PROBLEM TO WORK ON: Nothing should appear in the answer except the line containing "by (simp add: alg3_dir_def z_def" and the lines following it through the end of the listing, each given exactly.

EXTRACTED RECORDS:
text \<open>The numerator of \<open>\<alpha>\<^sub>k\<close>, simplified with \<open>x\<^sup>k - z\<^sup>k = h\<^sub>k \<nabla>f(x\<^sup>k)\<close>.\<close>
definition alg3_num :: "('a::real_inner \<Rightarrow> 'a) \<Rightarrow> real \<Rightarrow> real \<Rightarrow> 'a \<Rightarrow> real \<Rightarrow> real" where
  "alg3_num g L \<beta> x h =
     h\<^sup>2 * ((1 - \<beta>) * (1 - L * h / 4) * (norm (g x))\<^sup>2 + \<beta> * inner (g x) (g (x - h *\<^sub>R g x)))"

lemma alg3_step_fst:
  assumes "h = alg3_h g \<nu> \<theta> x \<gamma>0" and "u = h *\<^sub>R alg3_dir g \<beta> x h"
  shows "fst (alg3_step g L \<mu> \<nu> hlo hup \<beta> \<theta> \<tau> \<eta> (x, \<gamma>0))
         = x - (\<eta> * (alg3_num g L \<beta> x h / (norm u)\<^sup>2)) *\<^sub>R u"
proof -
  have num: "(1 - \<beta>) * (1 - L * h / 4) * (norm (x - (x - h *\<^sub>R g x)))\<^sup>2
      + \<beta> * inner (x - (x - h *\<^sub>R g x)) (h *\<^sub>R g (x - h *\<^sub>R g x)) = alg3_num g L \<beta> x h"
  proof -
    have "(norm (x - (x - h *\<^sub>R g x)))\<^sup>2 = h\<^sup>2 * (norm (g x))\<^sup>2"
      by (simp add: power_mult_distrib)
    moreover have "inner (x - (x - h *\<^sub>R g x)) (h *\<^sub>R g (x - h *\<^sub>R g x))
        = h\<^sup>2 * inner (g x) (g (x - h *\<^sub>R g x))"
      by (simp add: power2_eq_square)
    ultimately show ?thesis
      by (simp add: alg3_num_def algebra_simps)
  qed
  have den: "h\<^sup>2 * (norm (g x - \<beta> *\<^sub>R (g x - g (x - h *\<^sub>R g x))))\<^sup>2 = (norm u)\<^sup>2"
    using assms(2) by (simp add: alg3_dir_def power_mult_distrib)
  show ?thesis
    unfolding alg3_step_def Let_def fst_conv snd_conv
    unfolding assms(1)[symmetric] num den
    by (simp add: assms(2) alg3_dir_def)
qed

lemma alg3_halfspace_contains_zeros:
  fixes f :: "'a::real_inner \<Rightarrow> real"
  assumes convex: "convex_on UNIV f" and grad: "\<And>x. GDERIV f x :> g x"
    and lipschitz: "\<And>x y. norm (g x - g y) \<le> L * norm (x - y)" and L: "0 < L"
    and "0 \<le> \<beta>" and "\<beta> \<le> 1" and "0 \<le> h" and "g p = 0"
  shows "alg3_num g L \<beta> x h \<le> inner (h *\<^sub>R alg3_dir g \<beta> x h) (x - p)"
proof -
  define z where "z = x - h *\<^sub>R g x"
  have "h * (1 - L * h / 4) \<le> 1 / L"
    using L sum_power2_ge_zero[of "1 - L * h / 2" 0]
    by (simp add: le_divide_eq power2_eq_square algebra_simps)
  moreover have "(norm (g x))\<^sup>2 / L \<le> inner (g x) (x - p)"
    using convex_lipschitz_gradient_cocoercive[OF convex grad lipschitz L, of x p] \<open>g p = 0\<close>
    by simp
  moreover from mult_right_mono[OF calculation(1), of "(norm (g x))\<^sup>2"]
  have "h * (1 - L * h / 4) * (norm (g x))\<^sup>2 \<le> (norm (g x))\<^sup>2 / L"
    by simp
  ultimately have "h * (1 - L * h / 4) * (norm (g x))\<^sup>2 \<le> inner (g x) (x - p)"
    by linarith
  from mult_left_mono[OF this \<open>0 \<le> h\<close>]
  have gx: "h\<^sup>2 * ((1 - L * h / 4) * (norm (g x))\<^sup>2) \<le> h * inner (g x) (x - p)"
    by (simp add: power2_eq_square mult_ac)
  have "0 \<le> (norm (g z))\<^sup>2 / L"
    using L by simp
  also have "\<dots> \<le> inner (g z) (z - p)"
    using convex_lipschitz_gradient_cocoercive[OF convex grad lipschitz L, of z p] \<open>g p = 0\<close>
    by simp
  finally have "0 \<le> inner (g z) (z - p)" .
  then have "h * inner (g x) (g z) \<le> inner (g z) (x - p)"
    by (simp add: z_def inner_diff_right inner_commute algebra_simps)
  from mult_left_mono[OF this \<open>0 \<le> h\<close>]
  have gz: "h\<^sup>2 * inner (g x) (g z) \<le> h * inner (g z) (x - p)"
    by (simp add: power2_eq_square mult_ac)
  have "inner (h *\<^sub>R alg3_dir g \<beta> x h) (x - p)
      = (1 - \<beta>) * (h * inner (g x) (x - p)) + \<beta> * (h * inner (g z) (x - p))"
    by (simp add: alg3_dir_def z_def inner_diff_left algebra_simps)
  then show ?thesis
    using mult_left_mono[OF gx, of "1 - \<beta>"] mult_left_mono[OF gz, of \<beta>] assms(5,6)
    by (simp add: alg3_num_def z_def[symmetric] algebra_simps)
qed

PROBLEM SOLUTION:
    by (simp add: alg3_dir_def z_def inner_diff_left algebra_simps)
  then show ?thesis
    using mult_left_mono[OF gx, of "1 - \<beta>"] mult_left_mono[OF gz, of \<beta>] assms(5,6)
    by (simp add: alg3_num_def z_def[symmetric] algebra_simps)
qed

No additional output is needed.